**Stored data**
○ ○ ○

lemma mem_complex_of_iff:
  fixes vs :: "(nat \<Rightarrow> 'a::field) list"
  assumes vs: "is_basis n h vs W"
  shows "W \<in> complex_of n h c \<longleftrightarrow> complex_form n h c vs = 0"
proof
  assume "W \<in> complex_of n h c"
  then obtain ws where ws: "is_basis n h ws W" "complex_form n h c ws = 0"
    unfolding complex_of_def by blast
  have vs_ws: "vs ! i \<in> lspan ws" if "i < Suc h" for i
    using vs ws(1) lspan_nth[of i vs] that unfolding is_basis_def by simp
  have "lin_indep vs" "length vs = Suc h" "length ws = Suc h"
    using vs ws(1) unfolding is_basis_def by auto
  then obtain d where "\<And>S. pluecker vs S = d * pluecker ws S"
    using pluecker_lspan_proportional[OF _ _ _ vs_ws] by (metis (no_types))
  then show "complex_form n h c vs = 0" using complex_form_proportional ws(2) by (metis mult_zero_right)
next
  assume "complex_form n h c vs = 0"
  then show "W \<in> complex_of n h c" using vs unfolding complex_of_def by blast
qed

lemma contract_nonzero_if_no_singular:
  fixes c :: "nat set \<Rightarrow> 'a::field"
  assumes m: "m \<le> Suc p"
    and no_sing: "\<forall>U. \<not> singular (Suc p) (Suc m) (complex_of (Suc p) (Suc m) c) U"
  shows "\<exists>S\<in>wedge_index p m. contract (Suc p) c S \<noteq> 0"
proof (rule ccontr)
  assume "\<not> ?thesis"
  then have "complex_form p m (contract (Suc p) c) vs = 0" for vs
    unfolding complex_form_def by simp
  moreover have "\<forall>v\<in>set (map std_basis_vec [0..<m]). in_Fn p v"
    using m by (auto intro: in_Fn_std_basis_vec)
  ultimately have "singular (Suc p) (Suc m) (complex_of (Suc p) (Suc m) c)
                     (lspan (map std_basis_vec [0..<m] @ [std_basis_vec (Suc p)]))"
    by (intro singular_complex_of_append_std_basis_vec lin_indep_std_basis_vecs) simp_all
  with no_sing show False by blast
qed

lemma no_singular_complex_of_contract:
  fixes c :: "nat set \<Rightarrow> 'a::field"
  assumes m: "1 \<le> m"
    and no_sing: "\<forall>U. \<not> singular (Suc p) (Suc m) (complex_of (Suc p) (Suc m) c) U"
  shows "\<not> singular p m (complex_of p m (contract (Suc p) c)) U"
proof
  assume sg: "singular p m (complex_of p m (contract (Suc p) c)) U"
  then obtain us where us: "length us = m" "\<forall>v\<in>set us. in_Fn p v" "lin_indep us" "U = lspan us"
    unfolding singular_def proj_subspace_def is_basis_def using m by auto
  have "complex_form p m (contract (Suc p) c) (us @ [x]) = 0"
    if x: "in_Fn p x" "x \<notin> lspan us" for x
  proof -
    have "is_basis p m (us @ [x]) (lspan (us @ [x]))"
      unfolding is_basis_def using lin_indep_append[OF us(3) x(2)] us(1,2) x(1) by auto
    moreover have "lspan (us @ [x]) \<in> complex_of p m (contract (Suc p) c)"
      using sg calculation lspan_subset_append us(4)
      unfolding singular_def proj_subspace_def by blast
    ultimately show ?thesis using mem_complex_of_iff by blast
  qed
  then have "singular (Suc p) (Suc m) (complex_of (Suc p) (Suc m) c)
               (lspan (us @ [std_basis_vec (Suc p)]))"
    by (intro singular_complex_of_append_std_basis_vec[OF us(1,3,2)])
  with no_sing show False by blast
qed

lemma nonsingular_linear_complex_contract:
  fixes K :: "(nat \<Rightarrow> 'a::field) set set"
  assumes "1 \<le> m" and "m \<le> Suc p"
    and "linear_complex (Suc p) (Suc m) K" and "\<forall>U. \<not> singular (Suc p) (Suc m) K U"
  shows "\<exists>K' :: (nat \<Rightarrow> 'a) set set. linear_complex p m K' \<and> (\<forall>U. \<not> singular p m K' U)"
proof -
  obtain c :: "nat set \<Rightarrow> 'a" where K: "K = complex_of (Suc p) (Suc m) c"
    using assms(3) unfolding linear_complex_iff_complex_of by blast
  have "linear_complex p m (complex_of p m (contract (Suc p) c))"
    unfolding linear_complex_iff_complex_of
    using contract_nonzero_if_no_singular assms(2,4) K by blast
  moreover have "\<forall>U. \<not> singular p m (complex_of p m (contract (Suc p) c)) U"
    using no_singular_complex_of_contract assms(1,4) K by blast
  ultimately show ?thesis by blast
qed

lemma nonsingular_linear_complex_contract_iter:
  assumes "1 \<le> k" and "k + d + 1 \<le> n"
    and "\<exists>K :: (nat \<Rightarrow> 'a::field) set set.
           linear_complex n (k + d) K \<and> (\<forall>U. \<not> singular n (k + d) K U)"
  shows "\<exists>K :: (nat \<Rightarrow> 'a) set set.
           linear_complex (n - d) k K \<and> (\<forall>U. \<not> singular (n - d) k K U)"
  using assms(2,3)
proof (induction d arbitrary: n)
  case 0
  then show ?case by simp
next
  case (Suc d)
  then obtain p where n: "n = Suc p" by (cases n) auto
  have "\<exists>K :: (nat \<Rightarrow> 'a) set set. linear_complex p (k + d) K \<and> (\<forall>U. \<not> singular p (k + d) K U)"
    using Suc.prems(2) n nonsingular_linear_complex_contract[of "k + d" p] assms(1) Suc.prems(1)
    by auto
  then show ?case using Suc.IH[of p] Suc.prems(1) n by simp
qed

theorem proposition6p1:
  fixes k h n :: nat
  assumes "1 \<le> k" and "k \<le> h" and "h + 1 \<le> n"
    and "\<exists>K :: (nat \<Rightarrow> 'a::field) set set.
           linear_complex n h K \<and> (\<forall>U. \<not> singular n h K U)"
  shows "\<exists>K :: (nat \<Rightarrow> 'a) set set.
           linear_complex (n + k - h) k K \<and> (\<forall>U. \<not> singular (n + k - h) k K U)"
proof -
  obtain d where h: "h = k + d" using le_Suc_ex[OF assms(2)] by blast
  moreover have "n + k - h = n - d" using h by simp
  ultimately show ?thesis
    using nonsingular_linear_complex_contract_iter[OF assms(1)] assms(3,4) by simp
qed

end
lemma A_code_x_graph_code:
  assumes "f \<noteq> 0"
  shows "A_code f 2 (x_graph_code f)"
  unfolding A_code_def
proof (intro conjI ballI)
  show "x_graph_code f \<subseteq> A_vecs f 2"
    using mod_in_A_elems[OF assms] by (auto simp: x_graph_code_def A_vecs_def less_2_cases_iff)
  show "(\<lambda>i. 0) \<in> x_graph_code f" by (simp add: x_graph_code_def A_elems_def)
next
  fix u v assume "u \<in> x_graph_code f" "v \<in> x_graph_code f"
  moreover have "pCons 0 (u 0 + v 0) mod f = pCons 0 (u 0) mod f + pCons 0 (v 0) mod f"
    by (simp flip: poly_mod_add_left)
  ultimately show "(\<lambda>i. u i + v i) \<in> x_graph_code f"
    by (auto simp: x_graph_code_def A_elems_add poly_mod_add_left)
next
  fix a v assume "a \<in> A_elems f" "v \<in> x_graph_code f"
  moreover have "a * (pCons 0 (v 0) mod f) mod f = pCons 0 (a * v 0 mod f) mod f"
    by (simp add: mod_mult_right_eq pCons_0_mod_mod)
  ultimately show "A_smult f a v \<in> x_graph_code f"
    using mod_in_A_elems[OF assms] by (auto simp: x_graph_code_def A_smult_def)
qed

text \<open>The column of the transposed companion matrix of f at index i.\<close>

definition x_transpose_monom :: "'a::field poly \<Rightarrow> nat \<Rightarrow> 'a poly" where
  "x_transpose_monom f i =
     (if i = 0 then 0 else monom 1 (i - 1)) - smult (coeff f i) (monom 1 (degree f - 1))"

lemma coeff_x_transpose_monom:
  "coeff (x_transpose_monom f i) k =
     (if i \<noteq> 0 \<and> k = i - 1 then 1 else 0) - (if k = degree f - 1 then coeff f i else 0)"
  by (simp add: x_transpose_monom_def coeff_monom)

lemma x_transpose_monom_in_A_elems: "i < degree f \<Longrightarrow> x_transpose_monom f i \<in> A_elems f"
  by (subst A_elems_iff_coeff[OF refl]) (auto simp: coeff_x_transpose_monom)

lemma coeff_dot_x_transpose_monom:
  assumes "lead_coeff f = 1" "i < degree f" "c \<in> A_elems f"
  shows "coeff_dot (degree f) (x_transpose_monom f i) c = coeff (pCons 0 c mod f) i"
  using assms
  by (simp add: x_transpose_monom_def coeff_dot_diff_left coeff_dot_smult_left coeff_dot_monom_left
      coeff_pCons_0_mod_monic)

○ ○ ○

**Task requirements**
Whenever a line includes the word "length", pull it out of the entries.

**Exercise result**
  have "lin_indep vs" "length vs = Suc h" "length ws = Suc h"
  then obtain us where us: "length us = m" "\<forall>v\<in>set us. in_Fn p v" "lin_indep us" "U = lspan us"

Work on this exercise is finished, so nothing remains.